lemma trig_poly_harmonic_mult:
  "trig_poly (\<lambda>x. (a * cos (real i * x) + b * sin (real i * x)) * (c * cos (real j * x) + d * sin (real j * x)))"
proof -
  have "(a * cos (real i * x) + b * sin (real i * x)) * (c * cos (real j * x) + d * sin (real j * x)) =
      ((a * c - b * d) / 2 * cos (real (i + j) * x) + (a * d + b * c) / 2 * sin (real (i + j) * x)) +
      ((a * c + b * d) / 2 * cos ((real i - real j) * x) + (b * c - a * d) / 2 * sin ((real i - real j) * x))" for x
    by (simp add: left_diff_distrib distrib_right cos_add sin_add cos_diff sin_diff field_simps)
  then show ?thesis
    using trig_poly_add[OF trig_poly_harmonic trig_poly_harmonic_diff] by presburger
qed

lemma trig_poly_mult:
  assumes "trig_poly f" "trig_poly g"
  shows "trig_poly (\<lambda>x. f x * g x)"
proof -
  obtain n a b where f: "\<And>x. f x = (\<Sum>k\<le>n. a k * cos (real k * x) + b k * sin (real k * x))"
    using assms(1) unfolding trig_poly_def by blast
  obtain n' a' b' where g: "\<And>x. g x = (\<Sum>k\<le>n'. a' k * cos (real k * x) + b' k * sin (real k * x))"
    using assms(2) unfolding trig_poly_def by blast
  show ?thesis
    unfolding f g sum_product by (intro trig_poly_sum trig_poly_harmonic_mult) auto
qed

lemma trig_poly_power:
  assumes "trig_poly f"
  shows "trig_poly (\<lambda>x. f x ^ n)"
  by (induction n) (auto intro: trig_poly_mult[OF assms] trig_poly_const)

- [ACTIVITY]: The line containing "(\<lambda>x. f x ^" and every line after it, through the end of the records, should be repeated exactly and alone.

- [SOLUTION]:
  shows "trig_poly (\<lambda>x. f x ^ n)"
  by (induction n) (auto intro: trig_poly_mult[OF assms] trig_poly_const)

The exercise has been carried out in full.